Instructions to follow: Pick out the lines below with "meet" and list them.

=== Source data ===

(* Let $\Gamma$ be a finite connected tetravalent $G$-half-arc-transitive graph with $G\leq\mathrm{Aut}(\Gamma)$, and let $N$ be a solvable normal subgroup of $G$. If $G$ is non-solvable, then $\Gamma$ is a normal cover of $\Gamma_N$ and $N$ is semiregular on $V(\Gamma)$.
   Context: $\Gamma$ is $G$-half-arc-transitive if $G$ is transitive on vertices and edges but not on arcs. For $N\trianglelefteq G$, the normal quotient $\Gamma_N$ has as vertices the $N$-orbits on $V(\Gamma)$, two distinct orbits adjacent iff some edge of $\Gamma$ joins them. $\Gamma$ is a normal cover of $\Gamma_N$ if $\Gamma_N$ has the same valency as $\Gamma$. A permutation group is semiregular if all point stabilizers are trivial. *)

theory Defs
  imports "HOL-Algebra.Solvable_Groups" "HOL-Algebra.Bij"
begin

definition simple_graph :: "'a set \<Rightarrow> ('a \<Rightarrow> 'a \<Rightarrow> bool) \<Rightarrow> bool" where
  "simple_graph V E \<longleftrightarrow> finite V \<and> (\<forall>u v. E u v \<longrightarrow> u \<in> V \<and> v \<in> V \<and> E v u \<and> u \<noteq> v)"

definition graph_connected :: "'a set \<Rightarrow> ('a \<Rightarrow> 'a \<Rightarrow> bool) \<Rightarrow> bool" where
  "graph_connected V E \<longleftrightarrow> V \<noteq> {} \<and> (\<forall>u\<in>V. \<forall>v\<in>V. E\<^sup>*\<^sup>* u v)"

definition tetravalent :: "'a set \<Rightarrow> ('a \<Rightarrow> 'a \<Rightarrow> bool) \<Rightarrow> bool" where
  "tetravalent V E \<longleftrightarrow> (\<forall>v\<in>V. card {w \<in> V. E v w} = 4)"

definition graph_edges :: "('a \<Rightarrow> 'a \<Rightarrow> bool) \<Rightarrow> 'a set set" where
  "graph_edges E = {{u, v} | u v. E u v}"

definition graph_arcs :: "('a \<Rightarrow> 'a \<Rightarrow> bool) \<Rightarrow> ('a \<times> 'a) set" where
  "graph_arcs E = {(u, v). E u v}"

definition graph_aut :: "'a set \<Rightarrow> ('a \<Rightarrow> 'a \<Rightarrow> bool) \<Rightarrow> ('a \<Rightarrow> 'a) set" where
  "graph_aut V E = {g \<in> Bij V. \<forall>u\<in>V. \<forall>v\<in>V. E (g u) (g v) \<longleftrightarrow> E u v}"

abbreviation perm_grp :: "'a set \<Rightarrow> ('a \<Rightarrow> 'a) set \<Rightarrow> ('a \<Rightarrow> 'a) monoid" where
  "perm_grp V H \<equiv> (BijGroup V)\<lparr>carrier := H\<rparr>"

definition half_arc_transitive ::
  "'a set \<Rightarrow> ('a \<Rightarrow> 'a \<Rightarrow> bool) \<Rightarrow> ('a \<Rightarrow> 'a) set \<Rightarrow> bool" where
  "half_arc_transitive V E G \<longleftrightarrow>
     (\<forall>u\<in>V. \<forall>v\<in>V. \<exists>g\<in>G. g u = v) \<and>
     (\<forall>e\<in>graph_edges E. \<forall>f\<in>graph_edges E. \<exists>g\<in>G. g ` e = f) \<and>
     \<not> (\<forall>a\<in>graph_arcs E. \<forall>b\<in>graph_arcs E. \<exists>g\<in>G. (g (fst a), g (snd a)) = b)"

definition orbit_of :: "('a \<Rightarrow> 'a) set \<Rightarrow> 'a \<Rightarrow> 'a set" where
  "orbit_of N v = {n v | n. n \<in> N}"

definition quotient_vertices :: "'a set \<Rightarrow> ('a \<Rightarrow> 'a) set \<Rightarrow> 'a set set" where
  "quotient_vertices V N = orbit_of N ` V"

definition quotient_adj :: "('a \<Rightarrow> 'a \<Rightarrow> bool) \<Rightarrow> 'a set \<Rightarrow> 'a set \<Rightarrow> bool" where
  "quotient_adj E B C \<longleftrightarrow> B \<noteq> C \<and> (\<exists>u\<in>B. \<exists>w\<in>C. E u w)"

text \<open>Gamma is a normal cover of Gamma_N: Gamma_N has the same valency (4) as Gamma.\<close>
definition normal_cover_tetra :: "'a set \<Rightarrow> ('a \<Rightarrow> 'a \<Rightarrow> bool) \<Rightarrow> ('a \<Rightarrow> 'a) set \<Rightarrow> bool" where
  "normal_cover_tetra V E N \<longleftrightarrow>
     (\<forall>B\<in>quotient_vertices V N. card {C \<in> quotient_vertices V N. quotient_adj E B C} = 4)"

definition semiregular :: "'a set \<Rightarrow> ('a \<Rightarrow> 'a) set \<Rightarrow> bool" where
  "semiregular V N \<longleftrightarrow> (\<forall>v\<in>V. \<forall>n\<in>N. n v = v \<longrightarrow> n = (\<lambda>x\<in>V. x))"

end

theory Submission
  imports Defs
begin

(* Orient every edge along the G-orbit of one arc: since G is edge- but not arc-transitive,
   each vertex gets two out- and two in-neighbours. An element fixing a vertex permutes these
   two 2-sets, and permutations of a 2-set commute; so commutators of elements fixing a set of
   vertices fix its neighbourhood, and by connectivity the vertex stabiliser G_v is solvable.

   Suppose the N-orbits meet some closed neighbourhood in two vertices. The transitivity of G
   on vertices and edges then forces the normal quotient to have valency at most 2, so it is a
   path or a cycle. G acts on its darts commuting with the rotation that walks along it, and
   permutes the at most two orbits of this rotation; hence G'' stabilises the N-orbit of v,
   which is N G_v. As N and G_v are solvable, G would be solvable. Thus the N-orbits meet
   every closed neighbourhood in distinct vertices: the quotient has valency 4, and an element
   of N fixing a vertex fixes its neighbours, hence by connectivity everything. *)

lemma card_le_2_eq_or_eq:
  assumes "finite Y" "card Y \<le> 2" "a \<in> Y" "b \<in> Y" "c \<in> Y" "a \<noteq> b"
  shows "c = a \<or> c = b"
proof (rule ccontr)
  assume "\<not> (c = a \<or> c = b)"
  then have "card {a, b, c} = 3" using assms by auto
  moreover have "card {a, b, c} \<le> card Y" using assms by (intro card_mono) auto
  ultimately show False using assms by auto
qed

lemma injective_selfmaps_of_card_le_2_commute:
  assumes fin: "finite Y" and card: "card Y \<le> 2"
    and f: "f ` Y \<subseteq> Y" "inj_on f Y" and k: "k ` Y \<subseteq> Y" "inj_on k Y" and y: "y \<in> Y"
  shows "f (k y) = k (f y)"
proof -
  have in_Y: "f y \<in> Y" "k y \<in> Y" "f (k y) \<in> Y" "k (f y) \<in> Y" "f (f y) \<in> Y" "k (k y) \<in> Y"
    using f k y by (auto simp: image_subset_iff)
  note other = card_le_2_eq_or_eq[OF fin card]
  consider "f y = y" | "k y = y" | "f y \<noteq> y" "k y \<noteq> y" by blast
  then show ?thesis
  proof cases
    case 1
    then have "k y = y \<or> f (k y) = k y"
      using other[of y "k y" "f (k y)"] f(2) y in_Y by (metis inj_on_def)
    then show ?thesis using 1 by auto
  next
    case 2
    then have "f y = y \<or> k (f y) = f y"
      using other[of y "f y" "k (f y)"] k(2) y in_Y by (metis inj_on_def)
    then show ?thesis using 2 by auto
  next
    case 3
    have "k y = f y" using other[of y "f y" "k y"] 3 y in_Y by auto
    moreover have "f (f y) = y"
      using other[of y "f y" "f (f y)"] 3 f(2) y in_Y by (metis inj_on_def)
    moreover have "k (k y) = y"
      using other[of y "k y" "k (k y)"] 3 k(2) y in_Y by (metis inj_on_def)
    ultimately show ?thesis by simp
  qed
qed

context group
begin

lemma derived_subset_if_commutators_in:
  assumes "subgroup H G" "K \<subseteq> carrier G"
    and "\<And>a b. a \<in> K \<Longrightarrow> b \<in> K \<Longrightarrow> a \<otimes> b \<otimes> inv a \<otimes> inv b \<in> H"
  shows "derived G K \<subseteq> H"
  unfolding derived_def using assms by (intro generate_subgroup_incl) auto

lemma pointwise_stabiliser_subgroup:
  assumes mult: "\<And>a b y. a \<in> carrier G \<Longrightarrow> b \<in> carrier G \<Longrightarrow> y \<in> Y \<Longrightarrow> act (a \<otimes> b) y = act a (act b y)"
    and one: "\<And>y. y \<in> Y \<Longrightarrow> act \<one> y = y"
  shows "subgroup {g \<in> carrier G. \<forall>y\<in>Y. act g y = y} G"
proof (rule subgroupI)
  fix a assume a: "a \<in> {g \<in> carrier G. \<forall>y\<in>Y. act g y = y}"
  have "act (inv a) y = y" if "y \<in> Y" for y
  proof -
    have "act (inv a) y = act (inv a) (act a y)" using a that by auto
    also have "\<dots> = act (inv a \<otimes> a) y" using mult[of "inv a" a y] a that by auto
    also have "\<dots> = y" using a that one by auto
    finally show ?thesis .
  qed
  then show "inv a \<in> {g \<in> carrier G. \<forall>y\<in>Y. act g y = y}" using a by auto
qed (use mult one in auto)

lemma commutator_fixes_if_commute:
  assumes g: "g \<in> carrier G" and h: "h \<in> carrier G"
    and mult: "\<And>a b y. a \<in> carrier G \<Longrightarrow> b \<in> carrier G \<Longrightarrow> y \<in> Y \<Longrightarrow> act (a \<otimes> b) y = act a (act b y)"
    and one: "\<And>y. y \<in> Y \<Longrightarrow> act \<one> y = y"
    and inv_g: "\<And>y. y \<in> Y \<Longrightarrow> act (inv g) y \<in> Y"
    and inv_h: "\<And>y. y \<in> Y \<Longrightarrow> act (inv h) y \<in> Y"
    and comm: "\<And>y. y \<in> Y \<Longrightarrow> act g (act h y) = act h (act g y)"
    and y: "y \<in> Y"
  shows "act (g \<otimes> h \<otimes> inv g \<otimes> inv h) y = y"
proof -
  define w where "w = act (inv h) y"
  define z where "z = act (inv g) w"
  have w: "w \<in> Y" and z: "z \<in> Y" using inv_h inv_g y by (auto simp: w_def z_def)
  have "act (g \<otimes> h \<otimes> inv g \<otimes> inv h) y = act g (act h z)"
    using mult g h y w unfolding w_def z_def by (simp add: m_assoc)
  also have "\<dots> = act h (act g z)" using comm z by auto
  also have "act g z = w" using mult[of g "inv g" w] g w one by (simp add: z_def)
  also have "act h w = y" using mult[of h "inv h" y] h y one by (simp add: w_def)
  finally show ?thesis .
qed

lemma derived_fixes_if_commute:
  assumes K: "K \<subseteq> carrier G"
    and mult: "\<And>a b y. a \<in> carrier G \<Longrightarrow> b \<in> carrier G \<Longrightarrow> y \<in> Y \<Longrightarrow> act (a \<otimes> b) y = act a (act b y)"
    and one: "\<And>y. y \<in> Y \<Longrightarrow> act \<one> y = y"
    and inv_closed: "\<And>k y. k \<in> K \<Longrightarrow> y \<in> Y \<Longrightarrow> act (inv k) y \<in> Y"
    and comm: "\<And>a b y. a \<in> K \<Longrightarrow> b \<in> K \<Longrightarrow> y \<in> Y \<Longrightarrow> act a (act b y) = act b (act a y)"
  shows "derived G K \<subseteq> {g \<in> carrier G. \<forall>y\<in>Y. act g y = y}"
proof (rule derived_subset_if_commutators_in[OF pointwise_stabiliser_subgroup K])
  fix a b assume ab: "a \<in> K" "b \<in> K"
  then have "act (a \<otimes> b \<otimes> inv a \<otimes> inv b) y = y" if "y \<in> Y" for y
    by (intro commutator_fixes_if_commute[of a b Y act])
      (use K mult one inv_closed comm that in auto)
  then show "a \<otimes> b \<otimes> inv a \<otimes> inv b \<in> {g \<in> carrier G. \<forall>y\<in>Y. act g y = y}"
    using ab K by blast
qed (use mult one in auto)

end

===

Written response:
   Suppose the N-orbits meet some closed neighbourhood in two vertices. The transitivity of G
   which is N G_v. As N and G_v are solvable, G would be solvable. Thus the N-orbits meet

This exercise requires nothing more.